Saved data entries
(* Let $\rho\in(0,\frac\pi2)$, $k>0$, $\eta>0$. For all $\delta_\omega\in\mathbb R^N$ and all $\tilde\theta,\tilde\theta^*\in\mathbb S(\rho)$, setting $\delta_\theta:=\tilde\theta-\tilde\theta^*$, the function $$V:=\tfrac12\delta_\omega^TM\delta_\omega+k\big(U(\tilde\theta)-U(\tilde\theta^* )-\nabla U(\tilde\theta^* )^T(\tilde\theta-\tilde\theta^* )\big)+\eta\big(\nabla U(\tilde\theta)-\nabla U(\tilde\theta^* )\big)^TY^TM^{1/2}\delta_\omega$$ satisfies $$V\le\tfrac34\delta_\omega^TM\delta_\omega+\big(\tfrac12k\lambda_N+\eta^2\lambda_N^2\big)|\delta_\theta|^2,$$ $$V\ge\tfrac14\delta_\omega^TM\delta_\omega+\big(\tfrac12k\lambda_2\sin(\rho)-\eta^2\lambda_N^2\big)|\delta_\theta|^2,$$ where $\lambda_2$ and $\lambda_N$ are the second-smallest and largest eigenvalues of $M^{-1}L_B$.
   Context: Let $(\mathcal N,\mathcal E)$ be a connected undirected graph, $\mathcal N=\{1,\dots,N\}$, $E=|\mathcal E|$, with edge weights $B^0_{ij}>0$. Fix an edge orientation, let $A\in\mathbb R^{N\times E}$ be the node-edge incidence matrix, $\Gamma=\mathrm{diag}(B^0_{ij},\{i,j\}\in\mathcal E)$ and $L_B=A\Gamma A^T$. Let $M=\mathrm{diag}(M_1,\dots,M_N)$ with $M_i>0$ and $Y\in\mathbb R^{N\times(N-1)}$ a matrix whose columns form an orthonormal basis of the null space of $\mathbb 1_N^TM^{1/2}$. Define $U(\tilde\theta):=-\mathbb 1_E^T\Gamma\cos(A^TM^{-1/2}Y\tilde\theta)$ for $\tilde\theta\in\mathbb R^{N-1}$ (cosine elementwise), with gradient $\nabla U(\tilde\theta)=Y^TM^{-1/2}A\Gamma\sin(A^TM^{-1/2}Y\tilde\theta)$. For $\rho\in(0,\frac\pi2)$, $\mathbb S(\rho):=\{\tilde\theta:\max_l|(A^TM^{-1/2}Y\tilde\theta)_l|<\frac\pi2-\rho\}$. $|\cdot|$ is the Euclidean norm. *)

theory Defs
  imports "Jordan_Normal_Form.Char_Poly" "HOL-Computational_Algebra.Polynomial"
begin

text \<open>Graph on nodes 0..N-1; oriented edges given by the list es (edge l goes from
 fst (es!l) to snd (es!l)); edge weights w l (the B^0_{ij}); node inertias m i (the M_i).\<close>

definition adjacent :: "(nat \<times> nat) list \<Rightarrow> nat \<Rightarrow> nat \<Rightarrow> bool" where
  "adjacent es i j \<longleftrightarrow> (i, j) \<in> set es \<or> (j, i) \<in> set es"

definition graph_ok :: "nat \<Rightarrow> (nat \<times> nat) list \<Rightarrow> bool" where
  "graph_ok N es \<longleftrightarrow>
     (\<forall>l < length es. fst (es!l) < N \<and> snd (es!l) < N \<and> fst (es!l) \<noteq> snd (es!l)) \<and>
     (\<forall>l < length es. \<forall>l' < length es. l \<noteq> l' \<longrightarrow>
        {fst (es!l), snd (es!l)} \<noteq> {fst (es!l'), snd (es!l')})"

definition connected_graph :: "nat \<Rightarrow> (nat \<times> nat) list \<Rightarrow> bool" where
  "connected_graph N es \<longleftrightarrow> (\<forall>i < N. \<forall>j < N. (adjacent es)\<^sup>*\<^sup>* i j)"

definition inc_mat :: "nat \<Rightarrow> (nat \<times> nat) list \<Rightarrow> real mat" where
  "inc_mat N es = mat N (length es)
     (\<lambda>(i, l). if i = fst (es!l) then 1 else if i = snd (es!l) then -1 else 0)"

definition diag_of :: "nat \<Rightarrow> (nat \<Rightarrow> real) \<Rightarrow> real mat" where
  "diag_of n d = mat n n (\<lambda>(i, j). if i = j then d i else 0)"

definition Gam :: "(nat \<times> nat) list \<Rightarrow> (nat \<Rightarrow> real) \<Rightarrow> real mat" where
  "Gam es w = diag_of (length es) w"

definition LB :: "nat \<Rightarrow> (nat \<times> nat) list \<Rightarrow> (nat \<Rightarrow> real) \<Rightarrow> real mat" where
  "LB N es w = inc_mat N es * Gam es w * transpose_mat (inc_mat N es)"

definition Mmat :: "nat \<Rightarrow> (nat \<Rightarrow> real) \<Rightarrow> real mat" where
  "Mmat N m = diag_of N m"

definition Msqrt :: "nat \<Rightarrow> (nat \<Rightarrow> real) \<Rightarrow> real mat" where
  "Msqrt N m = diag_of N (\<lambda>i. sqrt (m i))"

definition Minvsqrt :: "nat \<Rightarrow> (nat \<Rightarrow> real) \<Rightarrow> real mat" where
  "Minvsqrt N m = diag_of N (\<lambda>i. 1 / sqrt (m i))"

definition Minv :: "nat \<Rightarrow> (nat \<Rightarrow> real) \<Rightarrow> real mat" where
  "Minv N m = diag_of N (\<lambda>i. 1 / m i)"

definition edge_angles :: "nat \<Rightarrow> (nat \<times> nat) list \<Rightarrow> (nat \<Rightarrow> real) \<Rightarrow> real mat \<Rightarrow> real vec \<Rightarrow> real vec" where
  "edge_angles N es m Y th = transpose_mat (inc_mat N es) * Minvsqrt N m * Y *\<^sub>v th"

** Instructions for the task **
The full set of entries must be printed again without any alteration.

** Written solution **
(* Let $\rho\in(0,\frac\pi2)$, $k>0$, $\eta>0$. For all $\delta_\omega\in\mathbb R^N$ and all $\tilde\theta,\tilde\theta^*\in\mathbb S(\rho)$, setting $\delta_\theta:=\tilde\theta-\tilde\theta^*$, the function $$V:=\tfrac12\delta_\omega^TM\delta_\omega+k\big(U(\tilde\theta)-U(\tilde\theta^* )-\nabla U(\tilde\theta^* )^T(\tilde\theta-\tilde\theta^* )\big)+\eta\big(\nabla U(\tilde\theta)-\nabla U(\tilde\theta^* )\big)^TY^TM^{1/2}\delta_\omega$$ satisfies $$V\le\tfrac34\delta_\omega^TM\delta_\omega+\big(\tfrac12k\lambda_N+\eta^2\lambda_N^2\big)|\delta_\theta|^2,$$ $$V\ge\tfrac14\delta_\omega^TM\delta_\omega+\big(\tfrac12k\lambda_2\sin(\rho)-\eta^2\lambda_N^2\big)|\delta_\theta|^2,$$ where $\lambda_2$ and $\lambda_N$ are the second-smallest and largest eigenvalues of $M^{-1}L_B$.
   Context: Let $(\mathcal N,\mathcal E)$ be a connected undirected graph, $\mathcal N=\{1,\dots,N\}$, $E=|\mathcal E|$, with edge weights $B^0_{ij}>0$. Fix an edge orientation, let $A\in\mathbb R^{N\times E}$ be the node-edge incidence matrix, $\Gamma=\mathrm{diag}(B^0_{ij},\{i,j\}\in\mathcal E)$ and $L_B=A\Gamma A^T$. Let $M=\mathrm{diag}(M_1,\dots,M_N)$ with $M_i>0$ and $Y\in\mathbb R^{N\times(N-1)}$ a matrix whose columns form an orthonormal basis of the null space of $\mathbb 1_N^TM^{1/2}$. Define $U(\tilde\theta):=-\mathbb 1_E^T\Gamma\cos(A^TM^{-1/2}Y\tilde\theta)$ for $\tilde\theta\in\mathbb R^{N-1}$ (cosine elementwise), with gradient $\nabla U(\tilde\theta)=Y^TM^{-1/2}A\Gamma\sin(A^TM^{-1/2}Y\tilde\theta)$. For $\rho\in(0,\frac\pi2)$, $\mathbb S(\rho):=\{\tilde\theta:\max_l|(A^TM^{-1/2}Y\tilde\theta)_l|<\frac\pi2-\rho\}$. $|\cdot|$ is the Euclidean norm. *)

theory Defs
  imports "Jordan_Normal_Form.Char_Poly" "HOL-Computational_Algebra.Polynomial"
begin

text \<open>Graph on nodes 0..N-1; oriented edges given by the list es (edge l goes from
 fst (es!l) to snd (es!l)); edge weights w l (the B^0_{ij}); node inertias m i (the M_i).\<close>

definition adjacent :: "(nat \<times> nat) list \<Rightarrow> nat \<Rightarrow> nat \<Rightarrow> bool" where
  "adjacent es i j \<longleftrightarrow> (i, j) \<in> set es \<or> (j, i) \<in> set es"

definition graph_ok :: "nat \<Rightarrow> (nat \<times> nat) list \<Rightarrow> bool" where
  "graph_ok N es \<longleftrightarrow>
     (\<forall>l < length es. fst (es!l) < N \<and> snd (es!l) < N \<and> fst (es!l) \<noteq> snd (es!l)) \<and>
     (\<forall>l < length es. \<forall>l' < length es. l \<noteq> l' \<longrightarrow>
        {fst (es!l), snd (es!l)} \<noteq> {fst (es!l'), snd (es!l')})"

definition connected_graph :: "nat \<Rightarrow> (nat \<times> nat) list \<Rightarrow> bool" where
  "connected_graph N es \<longleftrightarrow> (\<forall>i < N. \<forall>j < N. (adjacent es)\<^sup>*\<^sup>* i j)"

definition inc_mat :: "nat \<Rightarrow> (nat \<times> nat) list \<Rightarrow> real mat" where
  "inc_mat N es = mat N (length es)
     (\<lambda>(i, l). if i = fst (es!l) then 1 else if i = snd (es!l) then -1 else 0)"

definition diag_of :: "nat \<Rightarrow> (nat \<Rightarrow> real) \<Rightarrow> real mat" where
  "diag_of n d = mat n n (\<lambda>(i, j). if i = j then d i else 0)"

definition Gam :: "(nat \<times> nat) list \<Rightarrow> (nat \<Rightarrow> real) \<Rightarrow> real mat" where
  "Gam es w = diag_of (length es) w"

definition LB :: "nat \<Rightarrow> (nat \<times> nat) list \<Rightarrow> (nat \<Rightarrow> real) \<Rightarrow> real mat" where
  "LB N es w = inc_mat N es * Gam es w * transpose_mat (inc_mat N es)"

definition Mmat :: "nat \<Rightarrow> (nat \<Rightarrow> real) \<Rightarrow> real mat" where
  "Mmat N m = diag_of N m"

definition Msqrt :: "nat \<Rightarrow> (nat \<Rightarrow> real) \<Rightarrow> real mat" where
  "Msqrt N m = diag_of N (\<lambda>i. sqrt (m i))"

definition Minvsqrt :: "nat \<Rightarrow> (nat \<Rightarrow> real) \<Rightarrow> real mat" where
  "Minvsqrt N m = diag_of N (\<lambda>i. 1 / sqrt (m i))"

definition Minv :: "nat \<Rightarrow> (nat \<Rightarrow> real) \<Rightarrow> real mat" where
  "Minv N m = diag_of N (\<lambda>i. 1 / m i)"

definition edge_angles :: "nat \<Rightarrow> (nat \<times> nat) list \<Rightarrow> (nat \<Rightarrow> real) \<Rightarrow> real mat \<Rightarrow> real vec \<Rightarrow> real vec" where
  "edge_angles N es m Y th = transpose_mat (inc_mat N es) * Minvsqrt N m * Y *\<^sub>v th"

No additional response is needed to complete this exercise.